=== Work item ===
Among the entries below, find the lines with "qint" and copy them.

=== Record extracts ===
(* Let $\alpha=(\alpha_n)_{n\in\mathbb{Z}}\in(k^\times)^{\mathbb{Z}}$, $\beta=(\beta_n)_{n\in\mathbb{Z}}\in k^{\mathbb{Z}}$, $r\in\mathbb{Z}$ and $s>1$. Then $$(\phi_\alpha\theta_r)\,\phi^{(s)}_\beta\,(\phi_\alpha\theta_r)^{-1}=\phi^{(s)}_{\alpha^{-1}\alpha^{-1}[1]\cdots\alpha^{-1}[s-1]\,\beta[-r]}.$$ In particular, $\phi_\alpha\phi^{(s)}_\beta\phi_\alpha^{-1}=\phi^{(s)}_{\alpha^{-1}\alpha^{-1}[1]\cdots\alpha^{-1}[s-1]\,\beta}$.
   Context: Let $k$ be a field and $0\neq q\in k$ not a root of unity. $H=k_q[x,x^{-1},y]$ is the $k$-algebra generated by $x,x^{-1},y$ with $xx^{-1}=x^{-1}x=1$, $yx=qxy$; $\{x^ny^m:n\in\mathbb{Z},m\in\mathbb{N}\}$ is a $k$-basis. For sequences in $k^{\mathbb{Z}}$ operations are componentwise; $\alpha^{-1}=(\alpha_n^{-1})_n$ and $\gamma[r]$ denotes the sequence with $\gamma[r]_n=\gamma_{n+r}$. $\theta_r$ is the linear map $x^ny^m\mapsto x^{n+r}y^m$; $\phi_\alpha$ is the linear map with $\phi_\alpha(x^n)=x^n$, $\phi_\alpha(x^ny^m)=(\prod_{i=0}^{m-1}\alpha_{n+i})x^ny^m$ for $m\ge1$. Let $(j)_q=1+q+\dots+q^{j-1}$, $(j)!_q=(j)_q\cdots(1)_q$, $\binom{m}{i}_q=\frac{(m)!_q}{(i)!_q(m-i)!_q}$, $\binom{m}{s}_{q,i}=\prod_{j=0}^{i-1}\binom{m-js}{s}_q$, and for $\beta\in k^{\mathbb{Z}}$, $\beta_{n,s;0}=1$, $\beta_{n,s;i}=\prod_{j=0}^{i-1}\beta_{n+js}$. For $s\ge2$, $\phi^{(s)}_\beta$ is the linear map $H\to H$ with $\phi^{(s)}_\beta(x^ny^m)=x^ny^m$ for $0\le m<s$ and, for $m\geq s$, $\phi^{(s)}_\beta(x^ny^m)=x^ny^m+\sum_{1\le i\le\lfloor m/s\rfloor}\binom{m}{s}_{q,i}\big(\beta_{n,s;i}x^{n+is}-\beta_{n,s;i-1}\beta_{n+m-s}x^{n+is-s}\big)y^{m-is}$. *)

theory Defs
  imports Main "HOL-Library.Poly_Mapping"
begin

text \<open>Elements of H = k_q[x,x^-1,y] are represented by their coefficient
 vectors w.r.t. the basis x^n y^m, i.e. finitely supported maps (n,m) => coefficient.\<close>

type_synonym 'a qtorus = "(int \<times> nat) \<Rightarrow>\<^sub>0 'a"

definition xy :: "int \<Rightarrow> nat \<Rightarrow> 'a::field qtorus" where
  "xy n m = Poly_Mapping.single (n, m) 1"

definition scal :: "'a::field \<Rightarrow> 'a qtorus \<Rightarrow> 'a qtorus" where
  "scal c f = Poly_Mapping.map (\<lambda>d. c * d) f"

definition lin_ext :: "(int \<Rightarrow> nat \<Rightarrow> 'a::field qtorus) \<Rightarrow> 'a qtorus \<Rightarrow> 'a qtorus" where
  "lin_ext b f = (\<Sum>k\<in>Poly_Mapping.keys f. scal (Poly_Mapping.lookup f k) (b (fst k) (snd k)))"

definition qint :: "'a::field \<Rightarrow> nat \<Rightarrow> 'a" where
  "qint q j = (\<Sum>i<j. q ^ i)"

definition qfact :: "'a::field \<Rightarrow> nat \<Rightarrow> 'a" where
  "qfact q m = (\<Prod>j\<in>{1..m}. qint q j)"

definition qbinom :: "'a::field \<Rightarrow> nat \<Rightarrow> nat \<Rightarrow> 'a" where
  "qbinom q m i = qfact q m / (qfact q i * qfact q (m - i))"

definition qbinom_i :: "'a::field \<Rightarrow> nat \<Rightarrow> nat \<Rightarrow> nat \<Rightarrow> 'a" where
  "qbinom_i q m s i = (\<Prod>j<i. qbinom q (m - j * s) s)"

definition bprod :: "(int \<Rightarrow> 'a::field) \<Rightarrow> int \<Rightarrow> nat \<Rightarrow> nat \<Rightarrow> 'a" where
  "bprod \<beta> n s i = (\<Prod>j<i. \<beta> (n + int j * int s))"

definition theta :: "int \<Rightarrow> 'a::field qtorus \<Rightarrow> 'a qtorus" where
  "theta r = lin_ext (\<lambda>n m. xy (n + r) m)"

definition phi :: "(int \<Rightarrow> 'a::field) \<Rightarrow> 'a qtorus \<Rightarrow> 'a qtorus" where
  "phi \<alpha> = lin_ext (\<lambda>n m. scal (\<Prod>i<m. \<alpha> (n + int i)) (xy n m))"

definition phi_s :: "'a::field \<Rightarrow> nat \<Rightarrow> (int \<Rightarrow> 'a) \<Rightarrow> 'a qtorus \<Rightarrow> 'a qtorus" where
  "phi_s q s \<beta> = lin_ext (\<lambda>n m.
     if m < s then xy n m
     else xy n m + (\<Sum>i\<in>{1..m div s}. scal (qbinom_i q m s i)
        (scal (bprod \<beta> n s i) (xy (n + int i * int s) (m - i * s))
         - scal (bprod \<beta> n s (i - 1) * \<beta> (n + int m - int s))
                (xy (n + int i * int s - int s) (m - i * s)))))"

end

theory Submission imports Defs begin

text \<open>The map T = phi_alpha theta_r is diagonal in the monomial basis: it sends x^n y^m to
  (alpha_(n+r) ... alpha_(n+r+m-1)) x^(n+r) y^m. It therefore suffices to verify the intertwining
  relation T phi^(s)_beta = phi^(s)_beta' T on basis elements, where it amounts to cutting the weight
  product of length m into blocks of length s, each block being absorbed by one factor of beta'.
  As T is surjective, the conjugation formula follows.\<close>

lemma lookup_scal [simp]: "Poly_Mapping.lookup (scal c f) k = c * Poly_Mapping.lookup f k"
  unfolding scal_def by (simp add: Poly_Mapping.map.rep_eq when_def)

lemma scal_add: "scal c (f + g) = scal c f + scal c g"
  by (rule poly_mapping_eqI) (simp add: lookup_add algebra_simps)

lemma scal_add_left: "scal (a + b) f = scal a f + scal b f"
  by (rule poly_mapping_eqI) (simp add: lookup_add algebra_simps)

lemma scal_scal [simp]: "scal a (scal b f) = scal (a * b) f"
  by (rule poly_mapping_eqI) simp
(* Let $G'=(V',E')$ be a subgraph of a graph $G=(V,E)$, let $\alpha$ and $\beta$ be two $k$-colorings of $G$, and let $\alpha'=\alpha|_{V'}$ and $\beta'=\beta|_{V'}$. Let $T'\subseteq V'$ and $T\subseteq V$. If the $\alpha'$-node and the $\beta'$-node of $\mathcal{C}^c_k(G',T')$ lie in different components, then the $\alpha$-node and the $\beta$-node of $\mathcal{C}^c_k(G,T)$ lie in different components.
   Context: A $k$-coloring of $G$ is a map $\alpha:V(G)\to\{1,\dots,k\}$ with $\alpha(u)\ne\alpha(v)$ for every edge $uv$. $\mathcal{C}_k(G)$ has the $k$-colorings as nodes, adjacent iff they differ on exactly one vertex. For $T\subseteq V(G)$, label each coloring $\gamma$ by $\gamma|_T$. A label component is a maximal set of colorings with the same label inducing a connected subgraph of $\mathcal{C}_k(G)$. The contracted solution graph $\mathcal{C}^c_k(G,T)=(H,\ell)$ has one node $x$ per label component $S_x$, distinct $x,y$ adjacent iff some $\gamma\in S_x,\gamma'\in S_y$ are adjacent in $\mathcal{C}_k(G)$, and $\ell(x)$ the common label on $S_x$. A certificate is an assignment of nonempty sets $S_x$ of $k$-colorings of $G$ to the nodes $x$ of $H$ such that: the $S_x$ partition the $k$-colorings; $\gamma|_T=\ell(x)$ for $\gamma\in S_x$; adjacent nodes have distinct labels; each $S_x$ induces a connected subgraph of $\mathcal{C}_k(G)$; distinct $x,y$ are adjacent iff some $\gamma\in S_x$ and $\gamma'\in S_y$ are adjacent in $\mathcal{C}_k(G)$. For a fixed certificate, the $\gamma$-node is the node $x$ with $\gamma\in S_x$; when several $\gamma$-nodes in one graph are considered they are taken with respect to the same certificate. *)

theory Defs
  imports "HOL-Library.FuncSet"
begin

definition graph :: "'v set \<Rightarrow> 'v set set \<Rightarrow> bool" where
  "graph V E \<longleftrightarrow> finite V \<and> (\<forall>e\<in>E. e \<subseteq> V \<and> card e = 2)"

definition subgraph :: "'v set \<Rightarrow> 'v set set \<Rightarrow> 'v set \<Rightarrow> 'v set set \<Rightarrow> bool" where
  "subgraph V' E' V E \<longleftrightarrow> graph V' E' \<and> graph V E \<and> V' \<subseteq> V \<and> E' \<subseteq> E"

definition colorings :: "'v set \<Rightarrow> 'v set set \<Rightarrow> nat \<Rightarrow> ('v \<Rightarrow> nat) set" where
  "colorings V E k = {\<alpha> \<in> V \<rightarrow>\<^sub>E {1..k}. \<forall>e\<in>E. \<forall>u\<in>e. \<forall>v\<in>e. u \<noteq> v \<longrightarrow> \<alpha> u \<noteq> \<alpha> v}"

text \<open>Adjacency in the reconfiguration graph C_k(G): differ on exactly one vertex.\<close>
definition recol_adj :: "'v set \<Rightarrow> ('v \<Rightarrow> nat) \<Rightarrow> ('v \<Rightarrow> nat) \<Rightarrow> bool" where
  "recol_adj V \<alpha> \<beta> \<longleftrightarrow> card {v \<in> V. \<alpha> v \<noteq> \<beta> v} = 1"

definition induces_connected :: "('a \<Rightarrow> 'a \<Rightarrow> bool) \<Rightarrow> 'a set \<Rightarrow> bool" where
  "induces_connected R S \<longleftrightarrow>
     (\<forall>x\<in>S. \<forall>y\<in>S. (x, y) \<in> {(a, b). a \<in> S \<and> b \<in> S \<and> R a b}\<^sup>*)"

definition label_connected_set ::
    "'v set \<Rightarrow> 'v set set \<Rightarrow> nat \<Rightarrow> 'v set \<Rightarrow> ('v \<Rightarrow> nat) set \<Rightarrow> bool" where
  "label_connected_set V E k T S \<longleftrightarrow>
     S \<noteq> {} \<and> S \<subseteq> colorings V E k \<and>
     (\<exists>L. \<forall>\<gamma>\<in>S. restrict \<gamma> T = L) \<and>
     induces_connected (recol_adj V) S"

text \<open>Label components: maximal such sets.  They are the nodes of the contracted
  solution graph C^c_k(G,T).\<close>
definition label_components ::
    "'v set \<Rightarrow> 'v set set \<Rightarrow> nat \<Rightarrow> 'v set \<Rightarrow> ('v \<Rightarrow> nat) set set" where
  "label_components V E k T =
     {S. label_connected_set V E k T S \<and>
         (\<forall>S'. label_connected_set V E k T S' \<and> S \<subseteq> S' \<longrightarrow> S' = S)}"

=== Problem solution ===
definition qint :: "'a::field \<Rightarrow> nat \<Rightarrow> 'a" where
  "qint q j = (\<Sum>i<j. q ^ i)"
  "qfact q m = (\<Prod>j\<in>{1..m}. qint q j)"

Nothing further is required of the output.